CVE-2026-1075 is a Cross-Site Request Forgery (CSRF) vulnerability identified in the ZT Captcha plugin for WordPress, affecting all versions up to and including 1.0.4. The vulnerability stems from improper nonce validation on the save_ztcpt_captcha_settings action. Specifically, the nonce check can be bypassed by submitting an empty token value, allowing an attacker to craft a malicious request that modifies the plugin’s settings without authentication. The attack vector requires tricking a site administrator into performing an action such as clicking a specially crafted link, which then executes the unauthorized request. Since the nonce validation is flawed, the server accepts the forged request as legitimate, leading to unauthorized changes in plugin configuration. Although the vulnerability does not expose sensitive data or cause denial of service, it compromises the integrity of the plugin’s settings, potentially weakening site defenses or altering captcha behavior. The CVSS v3.1 base score is 4.3 (medium severity), reflecting the lack of confidentiality or availability impact, no required privileges, but requiring user interaction. No public exploits have been reported yet. The vulnerability is significant for WordPress sites using ZT Captcha, particularly those with administrators susceptible to social engineering attacks. As the plugin is widely used for bot mitigation, unauthorized changes could degrade site security or user experience.

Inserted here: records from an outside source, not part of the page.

lemma is_theory_Cond_content:
  assumes T: "is_theory T"
  shows "is_theory {c. Cond k c \<in> T}"
  unfolding is_theory_def
proof safe
  show "Cond k c \<in> T" if "c \<in> ICK_ext \<Gamma>" for c
    using that T ICK_Cond_necessitation theory_derivable by blast
  fix a b assume "Cond k (Imp a b) \<in> T" "Cond k a \<in> T"
  then have "Cond k (And (Imp a b) a) \<in> T"
    using T theory_Cond_And by blast
  moreover have "Imp (And (Imp a b) a) b \<in> ICK_ext \<Gamma>"
    by (rule Imp_in_theoryI[OF is_theory_ICK_ext]) (meson theory_And_iff theory_mp)
  ultimately show "Cond k b \<in> T"
    using T ICK_Cond_mono theory_derivable theory_mp by blast
qed

definition prime_theory :: "fm set \<Rightarrow> bool" where
  "prime_theory T \<longleftrightarrow> is_theory T \<and> Bot \<notin> T \<and> (\<forall>a b. Or a b \<in> T \<longrightarrow> a \<in> T \<or> b \<in> T)"

lemma Or_in_prime_theory_iff: "prime_theory G \<Longrightarrow> Or a b \<in> G \<longleftrightarrow> a \<in> G \<or> b \<in> G"
  unfolding prime_theory_def by (meson ICK_ext.ipc6 ICK_ext.ipc7 theory_derivable theory_mp)

lemma is_theory_Union_chain:
  assumes "C \<noteq> {}" and "chain\<^sub>\<subseteq> C" and "\<And>U. U \<in> C \<Longrightarrow> is_theory U"
  shows "is_theory (\<Union>C)"
  unfolding is_theory_def
proof safe
  show "a \<in> \<Union>C" if "a \<in> ICK_ext \<Gamma>" for a
    using assms(1,3) that theory_derivable by blast
  fix a b U V assume "Imp a b \<in> U" "U \<in> C" "a \<in> V" "V \<in> C"
  moreover have "U \<subseteq> V \<or> V \<subseteq> U"
    using assms(2) \<open>U \<in> C\<close> \<open>V \<in> C\<close> by (simp add: chain_subset_def)
  ultimately show "b \<in> \<Union>C"
    using assms(3) theory_mp by (metis UnionI subsetD)
qed

lemma maximal_theory_prime:
  assumes M: "is_theory M" "\<psi> \<notin> M"
    and maximal: "\<And>U. is_theory U \<Longrightarrow> M \<subseteq> U \<Longrightarrow> \<psi> \<notin> U \<Longrightarrow> U = M"
  shows "prime_theory M"
proof -
  have Imp_psi: "Imp a \<psi> \<in> M" if "a \<notin> M" for a
  proof (rule ccontr)
    assume "Imp a \<psi> \<notin> M"
    then have "with_hyp M a = M"
      using maximal is_theory_with_hyp[OF M(1)] by (simp add: with_hyp_def)
    then show False
      using is_theory_with_hyp(3)[OF M(1), of a] that by blast
  qed
  have "a \<in> M \<or> b \<in> M" if "Or a b \<in> M" for a b
    using that Imp_psi M ICK_ext.ipc8 theory_derivable theory_mp by meson
  moreover have "Bot \<notin> M"
    using M ICK_ext.ipc9 theory_derivable theory_mp by meson
  ultimately show ?thesis
    using M(1) by (simp add: prime_theory_def)
qed

lemma lindenbaum:
  assumes "is_theory T" and "\<psi> \<notin> T"
  obtains D where "prime_theory D" and "T \<subseteq> D" and "\<psi> \<notin> D"
proof -
  let ?A = "{U. is_theory U \<and> T \<subseteq> U \<and> \<psi> \<notin> U}"
  have "\<exists>M\<in>?A. \<forall>U\<in>?A. M \<subseteq> U \<longrightarrow> U = M"
  proof (rule subset_Zorn_nonempty)
    show "?A \<noteq> {}"
      using assms by blast
    fix C assume "C \<noteq> {}" "subset.chain ?A C"
    then show "\<Union>C \<in> ?A"
      using is_theory_Union_chain[of C]
      by (auto simp: subset.chain_def chain_subset_def)
  qed
  then obtain M where "M \<in> ?A" and "\<forall>U\<in>?A. M \<subseteq> U \<longrightarrow> U = M"
    by blast
  then show ?thesis
    using maximal_theory_prime[of M \<psi>] that by blast
qed

section \<open>The canonical model\<close>

definition canon_worlds :: "fm set set" where
  "canon_worlds = {T. prime_theory T}"

definition canon_le :: "fm set \<Rightarrow> fm set \<Rightarrow> bool" where
  "canon_le G D \<longleftrightarrow> G \<in> canon_worlds \<and> D \<in> canon_worlds \<and> G \<subseteq> D"

definition proof_set :: "fm \<Rightarrow> fm set set" where
  "proof_set a = {G \<in> canon_worlds. a \<in> G}"

definition canon_val :: "nat \<Rightarrow> fm set set" where
  "canon_val p = proof_set (Var p)"

(* For an upset that is not a truth set any choice would do; Top makes R_A coincide with the
   relation of the full set of worlds, which keeps both frame conditions true. *)
definition defining_fm :: "fm set set \<Rightarrow> fm" where
  "defining_fm A = (if A \<in> range proof_set then SOME a. proof_set a = A else Top)"

definition canon_R :: "fm set set \<Rightarrow> fm set \<Rightarrow> fm set \<Rightarrow> bool" where
  "canon_R A G D \<longleftrightarrow>
     G \<in> canon_worlds \<and> D \<in> canon_worlds \<and> {c. Cond (defining_fm A) c \<in> G} \<subseteq> D"

lemma canon_world_theory: "G \<in> canon_worlds \<Longrightarrow> is_theory G"
  by (simp add: canon_worlds_def prime_theory_def)

lemma Imp_in_theory_iff:
  assumes T: "is_theory T"
  shows "Imp a b \<in> T \<longleftrightarrow> (\<forall>D\<in>canon_worlds. T \<subseteq> D \<longrightarrow> a \<in> D \<longrightarrow> b \<in> D)"
proof
  show "Imp a b \<in> T \<Longrightarrow> \<forall>D\<in>canon_worlds. T \<subseteq> D \<longrightarrow> a \<in> D \<longrightarrow> b \<in> D"
    using canon_world_theory theory_mp by blast
next
  assume b: "\<forall>D\<in>canon_worlds. T \<subseteq> D \<longrightarrow> a \<in> D \<longrightarrow> b \<in> D"
  show "Imp a b \<in> T"
  proof (rule ccontr)
    assume "Imp a b \<notin> T"
    then obtain D where "prime_theory D" "with_hyp T a \<subseteq> D" "b \<notin> D"
      using lindenbaum[OF is_theory_with_hyp(1)[OF T]] by (auto simp: with_hyp_def)
    then show False
      using b is_theory_with_hyp(2,3)[OF T, of a] by (auto simp: canon_worlds_def)
  qed
qed

lemma Cond_in_theory_iff:
  assumes T: "is_theory T"
  shows "Cond k c \<in> T \<longleftrightarrow> (\<forall>D\<in>canon_worlds. {b. Cond k b \<in> T} \<subseteq> D \<longrightarrow> c \<in> D)"
proof
  assume c: "\<forall>D\<in>canon_worlds. {b. Cond k b \<in> T} \<subseteq> D \<longrightarrow> c \<in> D"
  show "Cond k c \<in> T"
  proof (rule ccontr)
    assume "Cond k c \<notin> T"
    then obtain D where "prime_theory D" "{b. Cond k b \<in> T} \<subseteq> D" "c \<notin> D"
      using lindenbaum[OF is_theory_Cond_content[OF T]] by auto
    then show False
      using c by (auto simp: canon_worlds_def)
  qed
qed auto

For European organizations, this vulnerability poses a risk primarily to the integrity of WordPress sites using the ZT Captcha plugin. An attacker exploiting this flaw can alter captcha settings, potentially disabling or weakening bot protection mechanisms. This could lead to increased spam, automated abuse, or further exploitation of the affected websites. While confidentiality and availability are not directly impacted, the integrity compromise can indirectly facilitate additional attacks or degrade trust in the affected web services. Organizations relying on WordPress for customer-facing portals, e-commerce, or internal tools may experience reputational damage or operational disruptions if attackers manipulate captcha settings to bypass security controls. The requirement for administrator interaction means targeted phishing or social engineering campaigns could be used to exploit this vulnerability. Given the widespread use of WordPress in Europe, especially in small and medium enterprises, the threat is non-trivial. However, the absence of known exploits in the wild and the medium severity score suggest the impact is moderate but should not be ignored.

1. Monitor the official ZT Captcha plugin repository and vendor communications for an official patch addressing CVE-2026-1075 and apply it promptly once available. 2. Until a patch is released, implement custom nonce validation in the plugin code to reject requests with empty or missing nonce tokens on the save_ztcpt_captcha_settings action. 3. Educate WordPress site administrators about the risks of clicking on unsolicited or suspicious links, especially those that could trigger administrative actions. 4. Employ web application firewalls (WAFs) with rules to detect and block CSRF attack patterns targeting WordPress admin endpoints. 5. Restrict administrative access to trusted networks or VPNs to reduce exposure to external CSRF attempts. 6. Regularly audit WordPress plugins and configurations to detect unauthorized changes in captcha or security settings. 7. Consider implementing multi-factor authentication (MFA) for WordPress admin accounts to reduce the risk of account compromise through social engineering.